Data Transformation for Warehousing Web Data

Authors: 
Zhu, Yan; Bornhovd, Christof; Buchmann, Alejandro P.
Author: 
Zhu, Y
Bornhovd, C
Buchmann, A
Year: 
2001
Venue: 
Third International Workshop on Advanced Issues of E-Commerce and Web-Based Information Systems (WECWIS '01), 2001
URL: 
http://portal.acm.org/citation.cfm?coll=GUIDE&dl=GUIDE&id=885223
Citations: 
14
Citations range: 
10 - 49

In order to analyze market trends and make reasonable business plans, a company's local data is not sufficient. Decision making must also be based on information from suppliers, partners and competitors. This external data can be obtained from the Web in many cases, but must be integrated with the company's own data, for example, in a data warehouse. To this end, Web data has to be mapped to the star schema of the warehouse.

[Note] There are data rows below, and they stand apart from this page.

(* Let $G$ and $H$ be nontrivial finite groups and let $p$ be a prime. Then $G\times H$ contains an element of order $p$ whose centralizer in $G\times H$ is a $p$-group if and only if both $G$ contains an element of order $p$ whose centralizer in $G$ is a $p$-group and $H$ contains an element of order $p$ whose centralizer in $H$ is a $p$-group. *)

theory Defs
  imports "HOL-Algebra.Algebra"
begin

definition elem_centralizer :: "('a, 'b) monoid_scheme \<Rightarrow> 'a \<Rightarrow> 'a set" where
  "elem_centralizer G g = {x \<in> carrier G. x \<otimes>\<^bsub>G\<^esub> g = g \<otimes>\<^bsub>G\<^esub> x}"

definition is_p_group_set :: "nat \<Rightarrow> 'a set \<Rightarrow> bool" where
  "is_p_group_set p S \<longleftrightarrow> finite S \<and> (\<exists>k::nat. card S = p ^ k)"

definition has_p_elem_pcentralizer :: "('a, 'b) monoid_scheme \<Rightarrow> nat \<Rightarrow> bool" where
  "has_p_elem_pcentralizer G p \<longleftrightarrow>
     (\<exists>g \<in> carrier G. group.ord G g = p \<and> is_p_group_set p (elem_centralizer G g))"

end

theory Submission
  imports Defs
begin

text \<open>Orders and centralizers in \<open>G \<times> H\<close> are computed componentwise:
  \<open>ord (g, h) = lcm (ord g) (ord h)\<close> and \<open>C(g, h) = C(g) \<times> C(h)\<close>, and a product of two
  nonempty sets has prime power size iff both factors do. So the only issue is a component of
  order 1 rather than \<open>p\<close>, i.e. \<open>g = 1\<close>. Then \<open>C(g)\<close> is all of \<open>G\<close>, so \<open>G\<close> is a nontrivial
  \<open>p\<close>-group; it contains an element of order \<open>p\<close>, and every centralizer in it is a \<open>p\<close>-group.\<close>

lemma DirProd_pow:
  "(g, h) [^]\<^bsub>G \<times>\<times> H\<^esub> (n::nat) = (g [^]\<^bsub>G\<^esub> n, h [^]\<^bsub>H\<^esub> n)"
  by (induction n) auto

lemma ord_DirProd:
  assumes "group G" "group H" "g \<in> carrier G" "h \<in> carrier H"
  shows "group.ord (G \<times>\<times> H) (g, h) = lcm (group.ord G g) (group.ord H h)"
proof -
  have "group (G \<times>\<times> H)" using assms by (simp add: DirProd_group)
  then show ?thesis
    using assms by (simp add: group.ord_unique DirProd_pow group.pow_eq_id)
qed

lemma elem_centralizer_DirProd:
  "elem_centralizer (G \<times>\<times> H) (g, h) = elem_centralizer G g \<times> elem_centralizer H h"
  unfolding elem_centralizer_def by auto

lemma (in group) elem_centralizer_one: "elem_centralizer G \<one> = carrier G"
  unfolding elem_centralizer_def by auto

lemma (in group) one_in_elem_centralizer:
  "g \<in> carrier G \<Longrightarrow> \<one> \<in> elem_centralizer G g"
  unfolding elem_centralizer_def by auto

lemma (in group) subgroup_elem_centralizer:
  assumes g: "g \<in> carrier G"
  shows "subgroup (elem_centralizer G g) G"
proof
  show "elem_centralizer G g \<subseteq> carrier G"
    unfolding elem_centralizer_def by auto
  show "\<one> \<in> elem_centralizer G g"
    using g by (rule one_in_elem_centralizer)
next
  fix x y assume "x \<in> elem_centralizer G g" "y \<in> elem_centralizer G g"
  then have x: "x \<in> carrier G" "x \<otimes> g = g \<otimes> x" and y: "y \<in> carrier G" "y \<otimes> g = g \<otimes> y"
    unfolding elem_centralizer_def by auto
  have "x \<otimes> y \<otimes> g = x \<otimes> (g \<otimes> y)"
    using x y g by (simp add: m_assoc)
  also have "\<dots> = g \<otimes> (x \<otimes> y)"
    using x y g by (simp flip: m_assoc)
  finally show "x \<otimes> y \<in> elem_centralizer G g"
    using x y unfolding elem_centralizer_def by auto
next
  fix x assume "x \<in> elem_centralizer G g"
  then have x: "x \<in> carrier G" and comm: "x \<otimes> g = g \<otimes> x"
    unfolding elem_centralizer_def by auto
  have "inv x \<otimes> g = inv x \<otimes> (g \<otimes> x) \<otimes> inv x"
    using x g by (simp add: m_assoc)
  also have "\<dots> = inv x \<otimes> (x \<otimes> g) \<otimes> inv x"
    by (simp only: comm)
  also have "\<dots> = g \<otimes> inv x"
    using x g by (simp flip: m_assoc)
  finally show "inv x \<in> elem_centralizer G g"
    using x unfolding elem_centralizer_def by auto
qed

lemma is_p_group_set_dvd:
  assumes "Factorial_Ring.prime p" "is_p_group_set p S" "finite T" "card T dvd card S"
  shows "is_p_group_set p T"
proof -
  obtain k where "card S = p ^ k"
    using assms(2) unfolding is_p_group_set_def by blast
  then obtain i where "card T = p ^ i"
    using assms(4) divides_primepow_nat[OF assms(1)] by auto
  then show ?thesis
    using assms(3) unfolding is_p_group_set_def by blast
qed

lemma is_p_group_set_Times_iff:
  assumes p: "Factorial_Ring.prime p" and "A \<noteq> {}" "B \<noteq> {}"
  shows "is_p_group_set p (A \<times> B) \<longleftrightarrow> is_p_group_set p A \<and> is_p_group_set p B"
proof
  assume AB: "is_p_group_set p (A \<times> B)"
  then have fin: "finite (A \<times> B)"
    unfolding is_p_group_set_def by blast
  have "finite A"
    using fin assms(3) by (rule finite_cartesian_productD1)
  moreover have "finite B"
    using fin assms(2) by (rule finite_cartesian_productD2)
  ultimately show "is_p_group_set p A \<and> is_p_group_set p B"
    using is_p_group_set_dvd[OF p AB, of A] is_p_group_set_dvd[OF p AB, of B]
    by (simp add: card_cartesian_product)
next
  assume "is_p_group_set p A \<and> is_p_group_set p B"
  then obtain i j where "finite A" "finite B" "card A = p ^ i" "card B = p ^ j"
    unfolding is_p_group_set_def by blast
  then have "finite (A \<times> B)" "card (A \<times> B) = p ^ (i + j)"
    by (simp_all add: card_cartesian_product power_add)
  then show "is_p_group_set p (A \<times> B)"
    unfolding is_p_group_set_def by blast
qed

lemma is_p_group_set_elem_centralizer_DirProd_iff:
  assumes "group G" "group H" "g \<in> carrier G" "h \<in> carrier H" "Factorial_Ring.prime p"
  shows "is_p_group_set p (elem_centralizer (G \<times>\<times> H) (g, h)) \<longleftrightarrow>
           is_p_group_set p (elem_centralizer G g) \<and> is_p_group_set p (elem_centralizer H h)"
  unfolding elem_centralizer_DirProd
proof (rule is_p_group_set_Times_iff[OF assms(5)])
  show "elem_centralizer G g \<noteq> {}"
    using group.one_in_elem_centralizer[OF assms(1,3)] by blast
  show "elem_centralizer H h \<noteq> {}"
    using group.one_in_elem_centralizer[OF assms(2,4)] by blast
qed

lemma (in group) subgroup_is_p_group_set:
  assumes "finite (carrier G)" "Factorial_Ring.prime p" "is_p_group_set p (carrier G)"
    and "subgroup S G"
  shows "is_p_group_set p S"
proof (rule is_p_group_set_dvd[OF assms(2,3)])
  show "finite S"
    using subgroup.subset[OF assms(4)] assms(1) by (rule finite_subset)
  have "card S dvd order G"
    unfolding lagrange[OF assms(4), symmetric] by simp
  then show "card S dvd card (carrier G)"
    by (simp add: order_def)
qed

lemma (in group) p_group_has_elem_of_ord_prime:
  assumes "finite (carrier G)" "Factorial_Ring.prime p" "is_p_group_set p (carrier G)"
    and "carrier G \<noteq> {\<one>}"
  obtains y where "y \<in> carrier G" "ord y = p"
proof -
  obtain x where x: "x \<in> carrier G" "x \<noteq> \<one>"
    using assms(4) one_closed by blast
  obtain k where "card (carrier G) = p ^ k"
    using assms(3) unfolding is_p_group_set_def by blast
  then have "ord x dvd p ^ k"
    using ord_dvd_group_order[OF x(1)] by (simp add: order_def)
  then obtain i where i: "ord x = p ^ i"
    by (auto simp: divides_primepow_nat[OF assms(2)])
  have "i \<noteq> 0"
    using i x(2) ord_eq_1[OF x(1)] by (metis power_0)
  then obtain j where j: "i = Suc j"
    by (cases i) auto
  have "p > 0"
    using assms(2) prime_gt_0_nat by blast
  then have "ord (x [^] p ^ j) = p"
    using ord_pow[OF x(1), of "p ^ j"] i j by simp
  with nat_pow_closed[OF x(1)] show thesis
    by (rule that)
qed

lemma (in group) has_p_elem_pcentralizer_iff_ord_dvd:
  assumes fin: "finite (carrier G)" and nontriv: "carrier G \<noteq> {\<one>}"
    and p: "Factorial_Ring.prime p"
  shows "has_p_elem_pcentralizer G p \<longleftrightarrow>
           (\<exists>g \<in> carrier G. ord g dvd p \<and> is_p_group_set p (elem_centralizer G g))"
proof
  assume "\<exists>g \<in> carrier G. ord g dvd p \<and> is_p_group_set p (elem_centralizer G g)"
  then obtain g where g: "g \<in> carrier G" "ord g dvd p"
    and C: "is_p_group_set p (elem_centralizer G g)"
    by blast
  have "ord g = p \<or> ord g = 1"
    using p g(2) unfolding prime_nat_iff by blast
  then consider "ord g = p" | "g = \<one>"
    using ord_eq_1[OF g(1)] by blast
  then show "has_p_elem_pcentralizer G p"
  proof cases
    case 1
    with g C show ?thesis
      unfolding has_p_elem_pcentralizer_def by blast
  next
    case 2
    with C have pG: "is_p_group_set p (carrier G)"
      by (simp add: elem_centralizer_one)
    obtain y where "y \<in> carrier G" "ord y = p"
      using p_group_has_elem_of_ord_prime[OF fin p pG nontriv] .
    then show ?thesis
      unfolding has_p_elem_pcentralizer_def
      using subgroup_is_p_group_set[OF fin p pG subgroup_elem_centralizer] by blast
  qed
next
  assume "has_p_elem_pcentralizer G p"
  then obtain g where "g \<in> carrier G" "ord g = p" "is_p_group_set p (elem_centralizer G g)"
    unfolding has_p_elem_pcentralizer_def by blast
  then show "\<exists>g \<in> carrier G. ord g dvd p \<and> is_p_group_set p (elem_centralizer G g)"
    by (intro bexI[of _ g]) simp_all
qed

theorem lemma4p5:
  fixes G :: "('a, 'c) monoid_scheme" and H :: "('b, 'd) monoid_scheme" and p :: nat
  assumes "group G" and "group H"
    and "finite (carrier G)" and "finite (carrier H)"
    and "carrier G \<noteq> {\<one>\<^bsub>G\<^esub>}" and "carrier H \<noteq> {\<one>\<^bsub>H\<^esub>}"
    and "Factorial_Ring.prime p"
  shows "has_p_elem_pcentralizer (G \<times>\<times> H) p \<longleftrightarrow>
           has_p_elem_pcentralizer G p \<and> has_p_elem_pcentralizer H p"
proof -
  interpret G: group G by fact
  interpret H: group H by fact
  interpret GH: group "G \<times>\<times> H" using assms(1,2) by (rule DirProd_group)
  have GH_fin: "finite (carrier (G \<times>\<times> H))"
    and GH_nontriv: "carrier (G \<times>\<times> H) \<noteq> {\<one>\<^bsub>G \<times>\<times> H\<^esub>}"
    using assms(3-6) by auto
  have "has_p_elem_pcentralizer (G \<times>\<times> H) p \<longleftrightarrow>
      (\<exists>g \<in> carrier G. \<exists>h \<in> carrier H. GH.ord (g, h) dvd p \<and>
         is_p_group_set p (elem_centralizer (G \<times>\<times> H) (g, h)))"
    using GH.has_p_elem_pcentralizer_iff_ord_dvd[OF GH_fin GH_nontriv assms(7)] by simp
  also have "\<dots> \<longleftrightarrow>
      (\<exists>g \<in> carrier G. G.ord g dvd p \<and> is_p_group_set p (elem_centralizer G g)) \<and>
      (\<exists>h \<in> carrier H. H.ord h dvd p \<and> is_p_group_set p (elem_centralizer H h))"
    by (simp add: ord_DirProd[OF assms(1,2)]
        is_p_group_set_elem_centralizer_DirProd_iff[OF assms(1,2) _ _ assms(7)]) blast
  also have "\<dots> \<longleftrightarrow> has_p_elem_pcentralizer G p \<and> has_p_elem_pcentralizer H p"
    using G.has_p_elem_pcentralizer_iff_ord_dvd H.has_p_elem_pcentralizer_iff_ord_dvd assms(3-7)
    by simp
  finally show ?thesis .
qed

end
(* Let $k$ be a field containing a primitive fourth root of unity $i$, let $H_\pm(8)$ be the quasi-Hopf algebra described in the context, and put $\omega=\frac12(1\pm i)$, $\overline\omega=\frac12(1\mp i)$. Then the space of right cointegrals on $H_\pm(8)$ is $k(\omega P_{x^3}+\overline\omega P_{gx^3})$, the modular element of $H_\pm(8)$ is $\underline g=\omega1+\overline\omega g$, and $\underline g^{-1}=\overline\omega 1+\omega g$.
   Context: $H_{\pm}(8)$ is the unital algebra generated by $g,x$ with relations $g^2=1$, $x^4=0$, $gx=-xg$ (basis $g^ax^b$, $0\le a\le1$, $0\le b\le3$, with dual basis $P_{g^ax^b}$), with $\Delta(g)=g\otimes g$, $\varepsilon(g)=1$, $\Delta(x)=x\otimes(p_+\pm ip_-)+1\otimes p_+x+g\otimes p_-x$, $\varepsilon(x)=0$, where $p_\pm=\frac12(1\pm g)$; reassociator $\Phi=1\otimes1\otimes1-2p_-\otimes p_-\otimes p_-$, antipode $S(g)=g$, $S(x)=-x(p_+\pm ip_-)$, and $\alpha=g$, $\beta=1$. Its modular element $\mu$ satisfies $\mu(g)=-1$, $\mu(x)=0$. General definitions, for a finite dimensional quasi-Hopf algebra $(H,\Delta,\varepsilon,\Phi,S,\alpha,\beta)$ (axioms of Drinfeld: $(\mathrm{Id}\otimes\Delta)\Delta(h)=\Phi(\Delta\otimes\mathrm{Id})\Delta(h)\Phi^{-1}$, counit axioms, 3-cocycle condition for $\Phi$, $(\mathrm{Id}\otimes\varepsilon\otimes\mathrm{Id})(\Phi)=1\otimes1$, $S(h_1)\alpha h_2=\varepsilon(h)\alpha$, $h_1\beta S(h_2)=\varepsilon(h)\beta$, $X^1\beta S(X^2)\alpha X^3=1=S(x^1)\alpha x^2\beta S(x^3)$), with $\Delta(h)=h_1\otimes h_2$, $\Phi=X^1\otimes X^2\otimes X^3$, $\Phi^{-1}=x^1\otimes x^2\otimes x^3$: $\gamma=S(x^1X^2)\alpha x^2X^3_1\otimes S(X^1)\alpha x^3X^3_2$; $\delta=X^1_1x^1\beta S(X^3)\otimes X^1_2x^2\beta S(X^2x^3)$; $f=f^1\otimes f^2=(S\otimes S)(\Delta^{\rm op}(x^1))\gamma\Delta(x^2\beta S(x^3))$ with inverse $f^{-1}=g^1\otimes g^2=\Delta(S(x^1)\alpha x^2)\delta(S\otimes S)(\Delta^{\rm cop}(x^3))$; $p_R=p^1\otimes p^2=x^1\otimes x^2\beta S(x^3)$; $q_R=q^1\otimes q^2=X^1\otimes S^{-1}(\alpha X^3)X^2$; $p_L=\tilde p^1\otimes\tilde p^2=X^2S^{-1}(X^1\beta)\otimes X^3$; $q_L=\tilde q^1\otimes\tilde q^2=S(x^1)\alpha x^2\otimes x^3$; $U=g^1S(q^2)\otimes g^2S(q^1)$, $V=S^{-1}(f^2p^2)\otimes S^{-1}(f^1p^1)$. Left integrals: $ht=\varepsilon(h)t$ for all $h$. $\mu\in H^*$ is the algebra map with $th=\mu(h)t$ for left integrals $t$. A left cointegral is $\lambda\in H^*$ with $\lambda(V^2h_2U^2)V^1h_1U^1=\mu(x^1)\lambda(hS(x^2))x^3$ for all $h$; a right cointegral is $\Lambda\in H^*$ with $\Lambda(S(\tilde p^2)f^1h_1S^{-1}(\tilde q^2g^2))S(\tilde p^1)f^2h_2S^{-1}(\tilde q^1g^1)=\mu(X^3)\Lambda(hS^{-1}(X^2))X^1$ for all $h$. The modular element of $H$: for a non-zero left integral $t$ and the unique left cointegral $\lambda$ with $\lambda(S^{-1}(t))=1$, $\underline g=\lambda(S^{-1}(q^2t_2p^2))S^{-1}(q^1t_1p^1)$. *)

theory Defs
  imports Main
begin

In this paper we propose a semi-automatic approach to support this transformation process. Our approach is based on the use a rooted labeled tree representation of Web data and the existing warehouse schema. Based on this common view we can compare source and target schemata to identify correspondences. We show how the correspondences guide the transformation to be accomplished automatically. We also explain the meaning of recursion and restructuring in mapping rules, which are the core of the transformation algorithm.